At the time I wrote:
have the address books of AOL users or AOL’s mail logs somehow fallen into the hands of malicious third parties?
In a statement posted yesterday, AOL confirmed my fears:
AOL’s investigation is still underway, however, we have determined that there was unauthorized access to information regarding a significant number of user accounts. This information included AOL users’ email addresses, postal addresses, address book contact information, encrypted passwords and encrypted answers to security questions that we ask when a user resets his or her password, as well as certain employee information. We believe that spammers have used this contact information to send spoofed emails that appeared to come from roughly 2% of our email accounts.
AOL is attempting to calm user fears that unencrypted passwords may now be in the hands of hackers, but at the same time is sensibly suggesting that users change their passwords:
Importantly, we have no indication that the encryption on the passwords or the answers to security questions was broken.
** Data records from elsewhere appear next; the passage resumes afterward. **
(* Let $V=\mathbb{F}_2^s$ and let $\circ$ and $\diamond$ be two alternative operations on $V$ with $\dim W_\circ=\dim W_\diamond=s-3$. Then the groups $H_\circ$ and $H_\diamond$ are conjugate by some $g\in\mathrm{GL}(V)$ if and only if $\dim U_\circ=\dim U_\diamond$.
   Context: An alternative operation on $V$ is defined from an elementary abelian $2$-subgroup $T<\mathrm{AGL}(V,+)$ acting regularly on $V$: with $\tau_a$ the unique element of $T$ sending $0$ to $a$ (postfix notation), $a\circ b:=a\tau_b$. It is assumed that the xor-translations lie in $\mathrm{AGL}(V,\circ)$, the normaliser of $T$ in $\mathrm{Sym}(V)$; $\mathrm{GL}(V,\circ)$ is the stabiliser of $0$ in $\mathrm{AGL}(V,\circ)$ and $H_\circ:=\mathrm{GL}(V,+)\cap\mathrm{GL}(V,\circ)$. The weak key space is $W_\circ=\{k: x\circ k=x+k\ \forall x\}$; the product is $a\cdot b=a+b+a\circ b$ and the error space is $U_\circ=\{a\cdot b: a,b\in V\}$. Conjugation by $g$ means $G\mapsto gGg^{-1}$. *)

theory Defs
  imports "HOL-Analysis.Analysis" "HOL-Library.Z2"
begin

text \<open>V = F_2^s is modelled as the type bit ^ 'n with s = CARD('n).
Maps are written as functions; composition of permutations is function composition.\<close>

type_synonym 'n V = "bit ^ 'n"

definition GLV :: "('n::finite V \<Rightarrow> 'n V) set" where
  "GLV = {f. Vector_Spaces.linear (*s) (*s) f \<and> bij f}"

definition AGLV :: "('n::finite V \<Rightarrow> 'n V) set" where
  "AGLV = {f. \<exists>A b. A \<in> GLV \<and> (\<forall>x. f x = A x + b)}"

definition xor_trans :: "'n::finite V \<Rightarrow> 'n V \<Rightarrow> 'n V" where
  "xor_trans a = (\<lambda>x. x + a)"

definition normaliser :: "('a \<Rightarrow> 'a) set \<Rightarrow> ('a \<Rightarrow> 'a) set" where
  "normaliser T = {g. bij g \<and> (\<lambda>t. g \<circ> t \<circ> inv g) ` T = T}"

text \<open>T is an elementary abelian 2-subgroup of AGL(V,+) acting regularly on V,
 and the xor-translations lie in its normaliser AGL(V,o).\<close>
definition alt_group :: "('n::finite V \<Rightarrow> 'n V) set \<Rightarrow> bool" where
  "alt_group T \<longleftrightarrow>
     T \<subseteq> AGLV \<and> id \<in> T \<and>
     (\<forall>t\<in>T. \<forall>u\<in>T. t \<circ> u \<in> T) \<and>
     (\<forall>t\<in>T. \<forall>u\<in>T. t \<circ> u = u \<circ> t) \<and>
     (\<forall>t\<in>T. t \<circ> t = id) \<and>
     (\<forall>x y. \<exists>!t. t \<in> T \<and> t x = y) \<and>
     (\<forall>a. xor_trans a \<in> normaliser T)"

text \<open>tau_b: the unique element of T sending 0 to b;  a o b = a tau_b.\<close>
definition tau :: "('n::finite V \<Rightarrow> 'n V) set \<Rightarrow> 'n V \<Rightarrow> ('n V \<Rightarrow> 'n V)" where
  "tau T b = (THE t. t \<in> T \<and> t 0 = b)"

definition alt_op :: "('n::finite V \<Rightarrow> 'n V) set \<Rightarrow> 'n V \<Rightarrow> 'n V \<Rightarrow> 'n V" where
  "alt_op T a b = tau T b a"

definition AGL_alt :: "('n::finite V \<Rightarrow> 'n V) set \<Rightarrow> ('n V \<Rightarrow> 'n V) set" where
  "AGL_alt T = normaliser T"

definition GL_alt :: "('n::finite V \<Rightarrow> 'n V) set \<Rightarrow> ('n V \<Rightarrow> 'n V) set" where
  "GL_alt T = {g \<in> AGL_alt T. g 0 = 0}"

definition H_alt :: "('n::finite V \<Rightarrow> 'n V) set \<Rightarrow> ('n V \<Rightarrow> 'n V) set" where
  "H_alt T = GLV \<inter> GL_alt T"

definition weak_keys :: "('n::finite V \<Rightarrow> 'n V) set \<Rightarrow> 'n V set" where
  "weak_keys T = {k. \<forall>x. alt_op T x k = x + k}"

definition error_space :: "('n::finite V \<Rightarrow> 'n V) set \<Rightarrow> 'n V set" where
  "error_space T = {a + b + alt_op T a b | a b. True}"

definition conj_set :: "('a \<Rightarrow> 'a) \<Rightarrow> ('a \<Rightarrow> 'a) set \<Rightarrow> ('a \<Rightarrow> 'a) set" where
  "conj_set g G = (\<lambda>h. g \<circ> h \<circ> inv g) ` G"

end

theory Submission
  imports Defs
begin

text \<open>
  The product \<open>x \<cdot> a = x + a + x \<circ> a\<close> of an alternative operation is a symmetric, alternating,
  biadditive form on \<open>V\<close> with values in \<open>W\<^sub>\<circ>\<close>, and \<open>W\<^sub>\<circ>\<close> is exactly its radical. The group
  \<open>H\<^sub>\<circ>\<close> is the group of linear automorphisms of this form, and \<open>U\<^sub>\<circ>\<close> is spanned by its values.

  When \<open>W\<close> has codimension 3 and \<open>e\<^sub>1, e\<^sub>2, e\<^sub>3\<close> complete it to a spanning set, the form is
  determined by the three values \<open>e\<^sub>i \<cdot> e\<^sub>j\<close>, which span \<open>U\<close>. Hence \<open>dim U \<le> 3\<close>, and
  \<open>dim U \<ge> 2\<close> since otherwise a nonzero combination of the \<open>e\<^sub>i\<close> would lie in the radical.
  Two forms with the same \<open>dim U\<close> are isometric, by a linear map matching suitably chosen
  triples and their values, and an isometry conjugates one automorphism group onto the other.
  Conversely, if \<open>dim U = 2\<close> the triple can be chosen with \<open>e\<^sub>1 \<cdot> e\<^sub>2 = 0\<close>, and then the
  hyperplane spanned by \<open>W, e\<^sub>1, e\<^sub>2\<close> is \<open>H\<close>-invariant; if \<open>dim U = 3\<close> the group \<open>H\<close> is
  transitive on \<open>V - W\<close> and stabilises no hyperplane. Stabilising a hyperplane is invariant under
  conjugation in \<open>GL(V)\<close>.
\<close>

section \<open>Linear algebra over the two-element field\<close>

lemma bit_add_self [simp]: "(a::bit) + a = 0"
  by (cases a) simp_all

lemma V_add_self [simp]: "(x::'n::finite V) + x = 0"
  by (simp add: vec_eq_iff)

lemma V_add_self_left [simp]: "(x::'n::finite V) + (x + y) = y"
  by (simp flip: add.assoc)

lemma V_diff [simp]: "(x::'n::finite V) - y = x + y"
  by (simp add: vec_eq_iff)

lemma V_eq_iff_add_eq_0: "(x::'n::finite V) = y \<longleftrightarrow> x + y = 0"
  by (metis V_add_self V_add_self_left add_0_right)

lemma V_scale_bit: "(c::bit) *s (x::'n::finite V) = (if c = 0 then 0 else x)"
  by (cases c) (simp_all add: vec_eq_iff)

lemma span_eq_UNIV_iff_dim: "vec.span (S :: 'n::finite V set) = UNIV \<longleftrightarrow> vec.dim S = CARD('n)"
  using vec.dim_eq_full[of S] by (simp add: vec.dimension_def card_cart_basis)

lemma in_span_insert_iff:
  "(x::'n::finite V) \<in> vec.span (insert a S) \<longleftrightarrow> (\<exists>k. x + k *s a \<in> vec.span S)"
  by (simp add: vec.span_breakdown_eq)

lemma GLV_linear: "g \<in> GLV \<Longrightarrow> Vector_Spaces.linear (*s) (*s) g"
  by (simp add: GLV_def)

lemma GLV_bij: "g \<in> GLV \<Longrightarrow> bij g"
  by (simp add: GLV_def)

lemma GLV_0 [simp]: "g \<in> GLV \<Longrightarrow> g 0 = 0"
  by (simp add: GLV_linear vec.linear_0)

lemma GLV_inv_apply [simp]: "g \<in> GLV \<Longrightarrow> inv g (g x) = x"
  by (simp add: GLV_bij bij_is_inj)

lemma GLV_apply_inv [simp]: "g \<in> GLV \<Longrightarrow> g (inv g y) = y"
  by (simp add: GLV_bij bij_is_surj surj_f_inv_f)

lemma GLV_comp: "f \<in> GLV \<Longrightarrow> g \<in> GLV \<Longrightarrow> f \<circ> g \<in> GLV"
  unfolding GLV_def using Vector_Spaces.linear_compose bij_comp by blast

lemma GLV_inv: "g \<in> GLV \<Longrightarrow> inv g \<in> GLV"
  unfolding GLV_def using vec.inj_linear_imp_inv_linear bij_is_inj bij_imp_bij_inv by blast

lemma all_GLV_reindex: "g \<in> GLV \<Longrightarrow> (\<forall>y. P y) \<longleftrightarrow> (\<forall>x. P (g x))"
  by (metis GLV_apply_inv)

lemma conj_set_inv: "g \<in> GLV \<Longrightarrow> conj_set (inv g) (conj_set g H) = H"
  by (simp add: conj_set_def image_image comp_def inv_inv_eq GLV_bij)

lemma bit_add_eq_0_iff: "(a::bit) + b = 0 \<longleftrightarrow> a = b"
  by (cases a; cases b) simp_all

lemma bit_cross_product_surj:
  assumes "\<not> ((\<alpha>::bit) = 0 \<and> \<beta> = 0 \<and> \<gamma> = 0)"
  shows "\<exists>a1\<in>{0,1}. \<exists>a2\<in>{0,1}. \<exists>a3\<in>{0,1}. \<exists>b1\<in>{0,1}. \<exists>b2\<in>{0,1}. \<exists>b3\<in>{0::bit,1}.
    a1 * b2 + a2 * b1 = \<alpha> \<and> a1 * b3 + a3 * b1 = \<beta> \<and> a2 * b3 + a3 * b2 = \<gamma> \<and>
    \<not> (a1 = 0 \<and> a2 = 0 \<and> a3 = 0) \<and> \<not> (b1 = 0 \<and> b2 = 0 \<and> b3 = 0) \<and> \<not> (a1 = b1 \<and> a2 = b2 \<and> a3 = b3)"
  using assms by (cases \<alpha>; cases \<beta>; cases \<gamma>) (simp_all, blast+)

lemma bit_cross_product_axis:
  assumes "\<not> ((a1::bit) = 0 \<and> a2 = 0 \<and> a3 = 0)" "\<not> (b1 = 0 \<and> b2 = 0 \<and> b3 = 0)"
    "\<not> (a1 = b1 \<and> a2 = b2 \<and> a3 = b3)" "a1 * b3 + a3 * b1 = 0" "a2 * b3 + a3 * b2 = 0"
  shows "a3 = 0 \<and> b3 = 0"
  using assms by (cases a1; cases a2; cases a3; cases b1; cases b2; cases b3) simp_all

lemma dim_le_1_imp_subset_span_singleton:
  assumes "vec.dim (S :: 'n::finite V set) \<le> 1"
  obtains u where "S \<subseteq> vec.span {u}"
proof -
  obtain C where C: "C \<subseteq> S" "vec.independent C" "S \<subseteq> vec.span C" "card C = vec.dim S"
    by (rule vec.basis_exists)
  have "card C = 0 \<or> card C = 1"
    using C(4) assms by linarith
  then obtain u where "C \<subseteq> {u}"
    using vec.finiteI_independent[OF C(2)] by (auto simp: card_1_singleton_iff)
  then have "S \<subseteq> vec.span {u}"
    using C(3) vec.span_mono by blast
  then show thesis
    by (rule that)
qed

lemma independent_if_dim_eq_length:
  assumes "vec.dim (set xs :: 'n::finite V set) = length xs"
  shows "distinct xs" "vec.independent (set xs)"
proof -
  have "length xs \<le> card (set xs)"
    using vec.dim_le_card'[of "set xs"] assms by simp
  then show "distinct xs"
    using card_length[of xs] card_distinct by (metis le_antisym)
  then show "vec.independent (set xs)"
    using assms by (intro vec.card_le_dim_spanning[of "set xs" "set xs"])
      (simp_all add: vec.span_superset distinct_card)
qed

lemma independent_pair_coeffs_eq_0:
  assumes "distinct [p, q]" "vec.independent {p, q}" "c *s p + d *s (q::'n::finite V) = 0"
  shows "c = 0" "d = 0"
proof -
  have "p \<noteq> 0" "q \<noteq> 0"
    using assms(2) vec.dependent_zero by blast+
  then show "c = 0" "d = 0"
    using assms(1,3) V_eq_iff_add_eq_0[of p q] by (cases c; cases d; simp)+
qed

lemma exists_relation_if_dim_lt_3:
  assumes "vec.dim {p, q, r :: 'n::finite V} < 3"
  obtains \<alpha> \<beta> \<gamma> where "\<not> (\<alpha> = 0 \<and> \<beta> = 0 \<and> \<gamma> = 0)" "\<alpha> *s p + \<beta> *s q + \<gamma> *s r = 0"
proof (cases "p \<in> vec.span {q, r}")
  case True
  then obtain k l where "p + k *s q + l *s r = 0"
    by (auto simp: in_span_insert_iff add.assoc)
  then show thesis
    by (intro that[of 1 k l]) simp_all
next
  case p: False
  show thesis
  proof (cases "q \<in> vec.span {r}")
    case True
    then obtain l where "q + l *s r = 0"
      by (auto simp: in_span_insert_iff)
    then show thesis
      by (intro that[of 0 1 l]) simp_all
  next
    case False
    then have "r = 0"
      using p assms by (simp add: vec.dim_insert split: if_splits)
    then show thesis
      by (intro that[of 0 0 1]) simp_all
  qed
qed

lemma exists_GLV_on_basis:
  assumes "vec.independent D" "vec.span D = UNIV" "vec.span (f ` D) = UNIV"
  obtains g where "g \<in> GLV" "\<forall>x\<in>D. g x = f x"
proof -
  let ?g = "vec.construct D f"
  have lin: "Vector_Spaces.linear (*s) (*s) ?g"
    using vec.linear_construct[OF assms(1)] .
  moreover have "surj ?g"
    using assms(3) by (simp add: vec.range_construct_eq_span[OF assms(1)])
  ultimately have "?g \<in> GLV"
    using vec.linear_surj_imp_inj[OF lin] by (simp add: GLV_def bij_def)
  then show thesis
    using vec.construct_basis[OF assms(1)] that by blast
qed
In addition, at this point in the investigation, there is no indication that this incident resulted in disclosure of users’ financial information, including debit and credit cards, which is also fully encrypted.
Although there is no indication that the encryption on the passwords or answers to security questions was broken, as a precautionary measure, we nevertheless strongly encourage our users and employees to reset their passwords used for any AOL service and, when doing so, also to change their security question and answer.
Of course, this isn’t necessarily just a problem for your AOL account. If you were using the same password for any other online account (which is, as we have discussed many times before, very bad practice) then you need to change those passwords too.
And it’s not just passwords that you have to worry about. AOL says that address books have also been accessed, which means that online criminals now know who you are friends with, and how to contact them – making it easy for them to create convincing scam emails or attempt to send out phishing campaigns.
In more bad news, if the hackers manage to crack the encryption they might be able to determine your “secret answers” to security questions as well. As Martijn Grooten points out, it’s going to be really awkward asking your mother to change her maiden name again…
Be on your guard.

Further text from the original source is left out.